А я – режиссером, гениальным режиссером, который манипулировал огромными массами живых существ –
музыкантами, слушателями, даже животными…
И еще – мистификатором, показавшим доселе неизвестную область массовой культуры, превращая ее в
интеллектуальную игру, и наоборот.
Курехин, конечно, прекрасный пример культурной универсальности, но это не моя область. Я ведь
занимаюсь, прежде всего, музыкой.
Многие джазмены считают себя композиторами, поскольку иногда сочиняют темы или мелодии, главным
образом, «под себя». Интересно узнать твою точку зрения, имея в виду активное взаимодействие джаза с
композиторской музыкой.
Я тоже пишу различные нотные тексты, но не считаю себя композитором. Большинство так называемых
джазовых опусов – не более чем рабочий материал для импровизации. Разве Колтрэйна или Дэвиса можно
считать композиторами? Принимая во внимание гениальность их импровизаций, слово «композитор» по
отношению к ним звучит, по меньшей мере, уничижительно. А по-настоящему джазовый композитор – это
отдельная профессия. Их можно пересчитать по пальцам. Даже великий Дюк Эллингтон далеко не Барток
или Стравинский…
Стоит подумать, прежде чем согласиться.
…еще Мингус, Карла Блэй… в Европе – Майк Уэстбрук, Мария Шнайдер, Ганелин… да и то с оговорками.

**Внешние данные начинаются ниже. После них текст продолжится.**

definition ideal_prod ::
  "nat \<Rightarrow> nat \<Rightarrow> (nat \<Rightarrow> ('k::field_char_0) vec list \<Rightarrow> 'k vec) \<Rightarrow> 'k vec set \<Rightarrow> 'k vec set
     \<Rightarrow> 'k vec set" where
  "ideal_prod n m Psi I J =
     \<Inter>{S. is_subspace n S \<and>
          {Psi l xs | l xs. l \<in> {2..m} \<and> length xs = l \<and> set xs \<subseteq> fvec n \<and>
             (\<exists>i j. i < l \<and> j < l \<and> i \<noteq> j \<and> xs ! i \<in> I \<and> xs ! j \<in> J)} \<subseteq> S}"

definition is_prime_algebra ::
  "nat \<Rightarrow> nat \<Rightarrow> (nat \<Rightarrow> ('k::field_char_0) vec list \<Rightarrow> 'k vec) \<Rightarrow> bool" where
  "is_prime_algebra n m Psi \<longleftrightarrow>
     (\<forall>I J. is_ideal n m Psi I \<and> is_ideal n m Psi J \<and> ideal_prod n m Psi I J = {vzero}
        \<longrightarrow> I = {vzero} \<or> J = {vzero})"

definition Ad :: "(nat \<Rightarrow> ('k::field_char_0) vec list \<Rightarrow> 'k vec) \<Rightarrow> nat \<Rightarrow> 'k vec \<Rightarrow> 'k vec \<Rightarrow> 'k vec" where
  "Ad Psi l x y = Psi l (y # replicate (l - 1) x)"

definition E_index :: "nat \<Rightarrow> nat \<Rightarrow> nat list set" where
  "E_index m s = {ls. ls \<noteq> [] \<and> set ls \<subseteq> {2..m} \<and> sum_list (map (\<lambda>l. l - 1) ls) = s}"

definition E_op ::
  "nat \<Rightarrow> (nat \<Rightarrow> ('k::field_char_0) vec list \<Rightarrow> 'k vec) \<Rightarrow> nat \<Rightarrow> 'k vec \<Rightarrow> 'k vec \<Rightarrow> 'k vec" where
  "E_op m Psi s x y = (\<lambda>i. \<Sum>ls\<in>E_index m s.
      of_nat (prod_list ls) * (foldr (\<lambda>l v. Ad Psi l x v) ls y) i)"

definition engel_type ::
  "nat \<Rightarrow> nat \<Rightarrow> (nat \<Rightarrow> ('k::field_char_0) vec list \<Rightarrow> 'k vec) \<Rightarrow> bool" where
  "engel_type n m Psi \<longleftrightarrow>
     (\<exists>s0. \<forall>s\<ge>s0. \<forall>x\<in>fvec n. \<forall>y\<in>fvec n. E_op m Psi s x y = vzero)"

definition is_embedding ::
  "nat \<Rightarrow> nat \<Rightarrow> (nat \<Rightarrow> ('k::field_char_0) vec list \<Rightarrow> 'k vec) \<Rightarrow>
   nat \<Rightarrow> (nat \<Rightarrow> 'k vec list \<Rightarrow> 'k vec) \<Rightarrow> ('k vec \<Rightarrow> 'k vec) \<Rightarrow> bool" where
  "is_embedding n m Psi n' Psi' f \<longleftrightarrow>
     f ` fvec n \<subseteq> fvec n' \<and> inj_on f (fvec n) \<and>
     (\<forall>x\<in>fvec n. \<forall>y\<in>fvec n. \<forall>c. f (vadd x (vscale c y)) = vadd (f x) (vscale c (f y))) \<and>
     (\<forall>l\<in>{2..m}. \<forall>xs. length xs = l \<and> set xs \<subseteq> fvec n \<longrightarrow> f (Psi l xs) = Psi' l (map f xs))"

end

theory Submission
  imports Defs
begin

text \<open>Embed \<open>A\<close> into \<open>B = A \<oplus> A\<^sup>* \<oplus> \<Bbbk>\<^sup>6\<close>: the operations of \<open>B\<close> are those of \<open>A\<close>
  applied to the \<open>A\<close>-components, plus one extra symmetric bilinear product with values in
  the six-dimensional tail.  This extra product pairs \<open>A\<close> with \<open>A\<^sup>*\<close> into a tail
  vector \<open>p\<^sub>0\<close>, and is arranged on the tail so that, starting from any nonzero element,
  multiplication by basis vectors always reaches \<open>p\<^sub>1\<close>, while \<open>p\<^sub>1 p\<^sub>1 = p\<^sub>5 \<noteq> 0\<close>.
  Hence every nonzero ideal contains \<open>p\<^sub>1\<close> and any two of them have nonzero product:
  \<open>B\<close> is prime.  For the Engel property, the \<open>A\<close>-component of \<open>E\<^sub>s(x) y\<close> in \<open>B\<close> is
  \<open>E\<^sub>s(x) y\<close> computed in \<open>A\<close>, which vanishes for large \<open>s\<close>; from then on the tail
  component satisfies \<open>E\<^sub>s(x) y = 2 (E\<^sub>s\<^sub>-\<^sub>1(x) y) x\<close>, and right multiplication by \<open>x\<close> is
  nilpotent on the part of the tail where these values live.\<close>

lemma algebra_closed:
  assumes "is_algebra n m Psi" "l \<in> {2..m}" "length xs = l" "set xs \<subseteq> fvec n"
  shows "Psi l xs \<in> fvec n"
  using assms unfolding is_algebra_def by blast

lemma algebra_linear:
  assumes "is_algebra n m Psi" "l \<in> {2..m}" "length xs + length ys + 1 = l"
    "set xs \<subseteq> fvec n" "set ys \<subseteq> fvec n" "x \<in> fvec n" "y \<in> fvec n"
  shows "Psi l (xs @ [vadd x (vscale c y)] @ ys) =
           vadd (Psi l (xs @ [x] @ ys)) (vscale c (Psi l (xs @ [y] @ ys)))"
  using assms unfolding is_algebra_def by blast

lemma algebra_symmetric:
  assumes "is_algebra n m Psi" "l \<in> {2..m}" "length xs = l" "set xs \<subseteq> fvec n"
    "mset xs = mset ys"
  shows "Psi l xs = Psi l ys"
  using assms unfolding is_algebra_def by blast

lemma vzero_in_fvec [simp]: "vzero \<in> fvec n"
  by (simp add: fvec_def vzero_def)

lemma fvec_mono: "n \<le> n' \<Longrightarrow> fvec n \<subseteq> fvec n'"
  by (auto simp: fvec_def)

lemma algebra_zero_arg:
  assumes "is_algebra n m Psi" "l \<in> {2..m}" "length xs + length ys + 1 = l"
    "set xs \<subseteq> fvec n" "set ys \<subseteq> fvec n"
  shows "Psi l (xs @ [vzero] @ ys) = vzero"
proof -
  let ?z = "Psi l (xs @ [vzero] @ ys)"
  have "vadd vzero (vscale 1 vzero) = (vzero :: 'a vec)"
    by (simp add: vadd_def vscale_def vzero_def)
  then have "?z = vadd ?z (vscale 1 ?z)"
    using algebra_linear[OF assms, of vzero vzero 1] by simp
  then show ?thesis
    by (auto simp: vadd_def vscale_def vzero_def fun_eq_iff)
qed

definition vtrunc :: "nat \<Rightarrow> ('k::zero) vec \<Rightarrow> 'k vec" where
  "vtrunc n v = (\<lambda>i. if i < n then v i else 0)"

lemma vtrunc_in_fvec [simp]: "vtrunc n v \<in> fvec n"
  by (simp add: vtrunc_def fvec_def)

lemma vtrunc_fvec: "v \<in> fvec n \<Longrightarrow> vtrunc n v = v"
  by (auto simp: vtrunc_def fvec_def fun_eq_iff)

lemma vtrunc_linear:
  "vtrunc n (vadd x (vscale c y)) = vadd (vtrunc n x) (vscale (c::'k::field) (vtrunc n y))"
  by (auto simp: vtrunc_def vadd_def vscale_def fun_eq_iff)

section \<open>The extension\<close>

text \<open>Coordinates of \<open>B\<close>: \<open>A\<close> occupies \<open>[0,n)\<close>, \<open>A\<^sup>*\<close> occupies \<open>[n,2n)\<close>, and the tail
  basis vector \<open>p\<^sub>k\<close> is the coordinate \<open>2n+k\<close>, \<open>k < 6\<close>.  In terms of the tail basis the
  extra product is
  \<open>p\<^sub>1p\<^sub>3 = p\<^sub>3p\<^sub>5 = p\<^sub>0\<close>, \<open>p\<^sub>2p\<^sub>3 = p\<^sub>0p\<^sub>4 = p\<^sub>1\<close>, \<open>p\<^sub>1p\<^sub>4 = p\<^sub>4p\<^sub>5 = -p\<^sub>2\<close>, \<open>p\<^sub>1\<^sup>2 = p\<^sub>5\<close>, and
  \<open>a\<phi> = \<phi>(a) p\<^sub>0\<close> for \<open>a \<in> A\<close>, \<open>\<phi> \<in> A\<^sup>*\<close>.\<close>

definition dual_pairing :: "nat \<Rightarrow> ('k::comm_ring_1) vec \<Rightarrow> 'k vec \<Rightarrow> 'k" where
  "dual_pairing n x y = (\<Sum>j<n. x j * y (n+j) + y j * x (n+j))"

definition ext_prod :: "nat \<Rightarrow> ('k::comm_ring_1) vec \<Rightarrow> 'k vec \<Rightarrow> 'k vec" where
  "ext_prod n x y = (\<lambda>i.
     if i = 2*n then x(2*n+3)*y(2*n+1) + x(2*n+1)*y(2*n+3) + x(2*n+5)*y(2*n+3)
                     + x(2*n+3)*y(2*n+5) + dual_pairing n x y
     else if i = 2*n+1 then x(2*n+3)*y(2*n+2) + x(2*n+2)*y(2*n+3) + x(2*n+4)*y(2*n)
                     + x(2*n)*y(2*n+4)
     else if i = 2*n+2 then -(x(2*n+4)*y(2*n+1) + x(2*n+1)*y(2*n+4) + x(2*n+5)*y(2*n+4)
                     + x(2*n+4)*y(2*n+5))
     else if i = 2*n+5 then x(2*n+1)*y(2*n+1) else 0)"

definition ext_ops ::
  "nat \<Rightarrow> (nat \<Rightarrow> ('k::field_char_0) vec list \<Rightarrow> 'k vec) \<Rightarrow> nat \<Rightarrow> 'k vec list \<Rightarrow> 'k vec" where
  "ext_ops n Psi l xs =
     (if l = 2 then vadd (Psi 2 (map (vtrunc n) xs)) (ext_prod n (xs!0) (xs!1))
      else Psi l (map (vtrunc n) xs))"

lemma dual_pairing_commute: "dual_pairing n x y = dual_pairing n y x"
  unfolding dual_pairing_def by (simp add: algebra_simps)

lemma ext_prod_commute: "ext_prod n x y = ext_prod n y x"
  unfolding ext_prod_def by (auto simp: fun_eq_iff algebra_simps dual_pairing_commute)

lemma dual_pairing_sum_left:
  assumes "finite R"
  shows "dual_pairing n (\<lambda>j. \<Sum>r\<in>R. c r * f r j) y = (\<Sum>r\<in>R. c r * dual_pairing n (f r) y)"
  unfolding dual_pairing_def
  by (simp add: sum_distrib_left sum_distrib_right sum.distrib algebra_simps sum.swap[of _ R])

lemma ext_prod_sum_left:
  assumes "finite R"
  shows "ext_prod n (\<lambda>j. \<Sum>r\<in>R. c r * f r j) y i = (\<Sum>r\<in>R. c r * ext_prod n (f r) y i)"
  unfolding ext_prod_def dual_pairing_sum_left[OF assms]
  by (simp add: sum_distrib_right sum.distrib ring_distribs mult.assoc sum_negf sum_subtractf)

lemma ext_prod_linear_left:
  "ext_prod n (vadd x (vscale c y)) z = vadd (ext_prod n x z) (vscale c (ext_prod n y z))"
proof -
  have "dual_pairing n (vadd x (vscale c y)) z = dual_pairing n x z + c * dual_pairing n y z"
    unfolding dual_pairing_def vadd_def vscale_def
    by (simp add: algebra_simps sum.distrib sum_distrib_left)
  then show ?thesis
    unfolding ext_prod_def by (auto simp: fun_eq_iff algebra_simps vadd_def vscale_def)
qed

Сейчас многие «джазовые композиторы» обратились к фольклору, к так называемой, «глобальной деревне»,
но ярких, интересных событий в этой области пока что не происходит, как раз из-за отсутствия у них
профессионального композиторского навыка.
Очень смахивает на моду. Или все же естественное движение к более естественной органичной музыке?
Это спасение. Спасение для отыгравших музыкантов, которые бегут от самих себя. Это уже не творческая
музыка. Когда Колтрэйн или Дон Черри изучали неевропейские ладовые системы, у них была естественная
потребность расширить гармонический диапазон своих импровизаций. Большинство джазовых музыкантов
озабочено сегодня не поисками совершенства, универсального звука или «божественных озарений», а тем,
как «врезать на всю катушку». Они говорят: «Ну, мы им врежем по полной программе!» – и в этом нет
ничего хорошего. Московский барабанщик Юра Маркин сказал замечательную фразу: «Настоящий
художник – это камикадзе, оседлавший торпеду, направленную на корабль окостеневших понятий». Таких
камикадзе, к сожалению, осталось очень мало, и спасибо, что ты мне об этом напомнил. Пожалуй, пришло
время внести некоторые поправки в свое творческое кредо и, может быть, пересмотреть некоторые
представления…
Окостеневшие?
Пожалуй, да, хотя их не так уж и много. Когда я начал играть эту музыку, мои бывшие академические
коллеги решили, что я изменил высокому искусству, а новые, из джазовой среды, считали меня слишком
«чистым», академичным. К тому же, валторна как-то не вписывалась в общепринятый инструментарий. Но я
всегда считал, что музыка – это одно целое и, следовательно, стоит попробовать все соединить, тем более
что джаз накопил уже достаточный опыт.
Т.е. ты хотел изобрести велосипед…
…собственной конструкции. Поэтому я придумываю самые невероятные проекты, неожиданные
комбинации, играю с разными музыкантами…
Неизменно оставаясь самим собой – Аркадием Шилклопером – и это, на мой взгляд, самое главное.